Today, allow me to explain the opening passage of the Gospel: “I am the bread of life,” Jesus said. Bread is a staple part of the diet of the Jews; as rice is to us. Bread dominates the Jews’ dining tables, but it is slowly taking over the Filipino breakfast menu. A staple food is one that is eaten regularly and in such quantities as to constitute the main part of the diet, and supplies majority of the energy and nutrient we need. Statistics have it that three specific species of grass, supply about half of our intake: wheat, rice and corn. They can all be baked into bread. These specific ‘grasses’ generally give us life. Thus, the image of the bread comes from something that is ordinary to us: that which we encounter regularly but also the most needed daily.

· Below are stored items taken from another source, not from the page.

(* Let $\gamma<0$ and $\epsilon_{\text{abs}}>0$, and let $\hat g_{+,\gamma}\in\arg\min_{f\in\mathcal{F}}\hat h_{+,\gamma}(f)$. If $\hat h_{+,\gamma}(\hat g_{+,\gamma})\ge0$, then $$\left\{\frac{\hat h_{+,\gamma}(\hat g_{+,\gamma})}{\epsilon_{\text{abs}}}-1\right\}\gamma^{-1}\ge\widehat{MR}(f)$$ for all $f\in\mathcal{F}$ with $\hat e_{\text{orig}}(f)\le\epsilon_{\text{abs}}$; moreover $\widehat{MR}(f)\le|\gamma^{-1}|$ for all $f\in\mathcal{F}$. Additionally, if $\hat h_{+,\gamma}(\hat g_{+,\gamma})\ge0$ and $\hat e_{\text{orig}}(\hat g_{+,\gamma})\le\epsilon_{\text{abs}}$ with at least one of these two inequalities holding with equality, then the displayed inequality holds with equality for $f=\hat g_{+,\gamma}$.
   Context: Setting: $\mathcal{F}$ a set of prediction models, $L\ge0$ a loss, and a fixed observed sample $(\mathbf{y}_{[i]},\mathbf{X}_{1[i]},\mathbf{X}_{2[i]})$, $i=1,\dots,n$, $n\ge2$. $\hat e_{\text{orig}}(f)=\frac1n\sum_iL\{f,(\mathbf{y}_{[i]},\mathbf{X}_{1[i]},\mathbf{X}_{2[i]})\}$; $\hat e_{\text{switch}}(f)=\frac1{n(n-1)}\sum_i\sum_{j\ne i}L\{f,(\mathbf{y}_{[j]},\mathbf{X}_{1[i]},\mathbf{X}_{2[j]})\}$; $\widehat{MR}(f)=\hat e_{\text{switch}}(f)/\hat e_{\text{orig}}(f)$. For $\gamma\in\mathbb{R}$, $\hat h_{+,\gamma}(f):=\hat e_{\text{orig}}(f)+\gamma\hat e_{\text{switch}}(f)$. Standing assumptions: $\min_{f\in\mathcal{F}}\hat e_{\text{orig}}(f)>0$ and minimizers of $\hat h_{+,\gamma}$ over $\mathcal{F}$ exist. *)

theory Defs
  imports Complex_Main
begin

definition e_orig ::
  "('f \<Rightarrow> ('y \<times> 'a \<times> 'b) \<Rightarrow> real) \<Rightarrow> nat \<Rightarrow> (nat \<Rightarrow> 'y) \<Rightarrow> (nat \<Rightarrow> 'a) \<Rightarrow> (nat \<Rightarrow> 'b) \<Rightarrow> 'f \<Rightarrow> real" where
  "e_orig L n y X1 X2 f = (1 / real n) * (\<Sum>i<n. L f (y i, X1 i, X2 i))"

definition e_switch ::
  "('f \<Rightarrow> ('y \<times> 'a \<times> 'b) \<Rightarrow> real) \<Rightarrow> nat \<Rightarrow> (nat \<Rightarrow> 'y) \<Rightarrow> (nat \<Rightarrow> 'a) \<Rightarrow> (nat \<Rightarrow> 'b) \<Rightarrow> 'f \<Rightarrow> real" where
  "e_switch L n y X1 X2 f =
     (1 / (real n * (real n - 1))) * (\<Sum>i<n. \<Sum>j\<in>{..<n} - {i}. L f (y j, X1 i, X2 j))"

definition MR_hat ::
  "('f \<Rightarrow> ('y \<times> 'a \<times> 'b) \<Rightarrow> real) \<Rightarrow> nat \<Rightarrow> (nat \<Rightarrow> 'y) \<Rightarrow> (nat \<Rightarrow> 'a) \<Rightarrow> (nat \<Rightarrow> 'b) \<Rightarrow> 'f \<Rightarrow> real" where
  "MR_hat L n y X1 X2 f = e_switch L n y X1 X2 f / e_orig L n y X1 X2 f"

definition h_plus ::
  "('f \<Rightarrow> ('y \<times> 'a \<times> 'b) \<Rightarrow> real) \<Rightarrow> nat \<Rightarrow> (nat \<Rightarrow> 'y) \<Rightarrow> (nat \<Rightarrow> 'a) \<Rightarrow> (nat \<Rightarrow> 'b) \<Rightarrow> real \<Rightarrow> 'f \<Rightarrow> real" where
  "h_plus L n y X1 X2 \<gamma> f = e_orig L n y X1 X2 f + \<gamma> * e_switch L n y X1 X2 f"

end

theory Submission
  imports Defs
begin

text \<open>Minimality of \<open>g\<close> gives \<open>h \<le> e(f) + \<gamma> s(f)\<close> for every \<open>f \<in> F\<close>, where
  \<open>h = h\<^sub>+(g)\<close>, \<open>e = e_orig\<close> and \<open>s = e_switch\<close>. If \<open>h \<ge> 0\<close> and \<open>0 < e(f) \<le> \<epsilon>\<close>, then
  \<open>h/\<epsilon> \<le> h/e(f) \<le> 1 + \<gamma> s(f)/e(f)\<close>, and dividing by \<open>\<gamma> < 0\<close> reverses the inequality;
  dropping \<open>h\<close> instead gives \<open>-\<gamma> s(f) \<le> e(f)\<close>, i.e. \<open>MR(f) \<le> 1/|\<gamma>|\<close>. For \<open>f = g\<close> the
  first bound is an identity exactly when \<open>h/\<epsilon> = h/e(g)\<close>. The argument only concerns these
  three numbers.\<close>

lemma le_mult_inverse_of_neg:
  fixes a m \<gamma> :: real
  assumes "\<gamma> < 0" and "a \<le> \<gamma> * m"
  shows "m \<le> a * inverse \<gamma>"
proof -
  have "(\<gamma> * m) * inverse \<gamma> \<le> a * inverse \<gamma>"
    using assms by (intro mult_right_mono_neg) auto
  moreover have "(\<gamma> * m) * inverse \<gamma> = m"
    using \<open>\<gamma> < 0\<close> by (simp add: field_simps)
  ultimately show ?thesis
    by simp
qed

lemma ratio_le_of_penalized_bound:
  fixes h e s \<gamma> \<epsilon> :: real
  assumes "\<gamma> < 0" and "h \<ge> 0" and "0 < e" and "e \<le> \<epsilon>" and "h \<le> e + \<gamma> * s"
  shows "s / e \<le> (h / \<epsilon> - 1) * inverse \<gamma>"
proof (rule le_mult_inverse_of_neg[OF \<open>\<gamma> < 0\<close>])
  have "h / \<epsilon> \<le> h / e"
    using assms by (simp add: frac_le)
  also have "\<dots> \<le> 1 + \<gamma> * (s / e)"
    using assms by (simp add: field_simps)
  finally show "h / \<epsilon> - 1 \<le> \<gamma> * (s / e)"
    by simp
qed

lemma ratio_le_abs_inverse_of_penalized_bound:
  fixes h e s \<gamma> :: real
  assumes "\<gamma> < 0" and "h \<ge> 0" and "0 < e" and "h \<le> e + \<gamma> * s"
  shows "s / e \<le> \<bar>inverse \<gamma>\<bar>"
proof -
  have "- \<gamma> * s \<le> e"
    using assms by linarith
  then have "s / e \<le> 1 / (- \<gamma>)"
    using assms by (simp add: field_simps)
  then show ?thesis
    using \<open>\<gamma> < 0\<close> by (simp add: divide_inverse)
qed

lemma ratio_eq_of_penalized_value:
  fixes h e s \<gamma> \<epsilon> :: real
  assumes "\<gamma> \<noteq> 0" and "0 < e" and "h = e + \<gamma> * s" and "h = 0 \<or> e = \<epsilon>"
  shows "(h / \<epsilon> - 1) * inverse \<gamma> = s / e"
proof -
  have "h / \<epsilon> = h / e"
    using \<open>h = 0 \<or> e = \<epsilon>\<close> by auto
  also have "\<dots> - 1 = \<gamma> * (s / e)"
    using assms by (simp add: field_simps)
  finally show ?thesis
    using \<open>\<gamma> \<noteq> 0\<close> by (simp add: field_simps)
qed

theorem lemma19:
  fixes F :: "'f set" and L :: "'f \<Rightarrow> ('y \<times> 'a \<times> 'b) \<Rightarrow> real"
    and n :: nat and y :: "nat \<Rightarrow> 'y" and X1 :: "nat \<Rightarrow> 'a" and X2 :: "nat \<Rightarrow> 'b"
    and \<gamma> \<epsilon> :: real and g :: 'f
  assumes n2: "n \<ge> 2"
    and L_nonneg: "\<And>f z. L f z \<ge> 0"
    and min_exists: "\<exists>f0\<in>F. \<forall>f\<in>F. e_orig L n y X1 X2 f0 \<le> e_orig L n y X1 X2 f"
    and eorig_pos: "\<forall>f\<in>F. e_orig L n y X1 X2 f > 0"
    and gamma_neg: "\<gamma> < 0"
    and eps_pos: "\<epsilon> > 0"
    and g_in: "g \<in> F"
    and g_min: "\<forall>f\<in>F. h_plus L n y X1 X2 \<gamma> g \<le> h_plus L n y X1 X2 \<gamma> f"
  shows "(h_plus L n y X1 X2 \<gamma> g \<ge> 0 \<longrightarrow>
           (\<forall>f\<in>F. e_orig L n y X1 X2 f \<le> \<epsilon> \<longrightarrow>
              (h_plus L n y X1 X2 \<gamma> g / \<epsilon> - 1) * inverse \<gamma> \<ge> MR_hat L n y X1 X2 f)
           \<and> (\<forall>f\<in>F. MR_hat L n y X1 X2 f \<le> \<bar>inverse \<gamma>\<bar>))
         \<and> ((h_plus L n y X1 X2 \<gamma> g \<ge> 0 \<and> e_orig L n y X1 X2 g \<le> \<epsilon>
              \<and> (h_plus L n y X1 X2 \<gamma> g = 0 \<or> e_orig L n y X1 X2 g = \<epsilon>)) \<longrightarrow>
            (h_plus L n y X1 X2 \<gamma> g / \<epsilon> - 1) * inverse \<gamma> = MR_hat L n y X1 X2 g)"
proof -
  let ?h = "h_plus L n y X1 X2 \<gamma> g"
  let ?e = "e_orig L n y X1 X2" and ?s = "e_switch L n y X1 X2"
  have bound: "?h \<le> ?e f + \<gamma> * ?s f" if "f \<in> F" for f
    using g_min that by (simp add: h_plus_def)
  have "MR_hat L n y X1 X2 f \<le> (?h / \<epsilon> - 1) * inverse \<gamma>"
    if "f \<in> F" and "?h \<ge> 0" and "?e f \<le> \<epsilon>" for f
    unfolding MR_hat_def
    using ratio_le_of_penalized_bound[OF gamma_neg _ _ _ bound] eorig_pos that by blast
  moreover have "MR_hat L n y X1 X2 f \<le> \<bar>inverse \<gamma>\<bar>" if "f \<in> F" and "?h \<ge> 0" for f
    unfolding MR_hat_def
    using ratio_le_abs_inverse_of_penalized_bound[OF gamma_neg _ _ bound] eorig_pos that by blast
  moreover have "(?h / \<epsilon> - 1) * inverse \<gamma> = MR_hat L n y X1 X2 g" if "?h = 0 \<or> ?e g = \<epsilon>"
    unfolding MR_hat_def
    using ratio_eq_of_penalized_value[of \<gamma> "?e g" ?h "?s g" \<epsilon>] gamma_neg eorig_pos g_in that
    by (simp add: h_plus_def)
  ultimately show ?thesis
    by blast
qed

end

In the same manner, when we say Jesus is the bread of life, it means that Jesus sustains us daily, nourishing our souls and giving us strength. How? We come to church to be nourished. When we are lonely, we know that our family and friends cannot fully satisfy our infinite need to be with someone. But Christ can be present to us wherever we are. When we are anxious and afraid, we know that no one can assure us — except God. That is why we need to hold on to something we associate with God like a cross or a rosary. It is not the ‘object’ itself but that object reminds us of God who gives protection. When we fail in our exams, we run to the church and ask God to give us hope. A faith that has depth will even realize that all that we are, have or use, comes from God.
The fact that rice is a staple food does not depend on our acceptance — we just eat it. The same way with Christ. Christ showers us with every good thing. This fact does not depend on us. In another Gospel, it says, “God sends rain both for the young and the old.” It does not depend on whether we have been good or bad, or whether we accept Christ or not. Thus, the statement that Jesus is the bread of life does not depend on any student who doesn’t believe: Jesus is not impaired from service.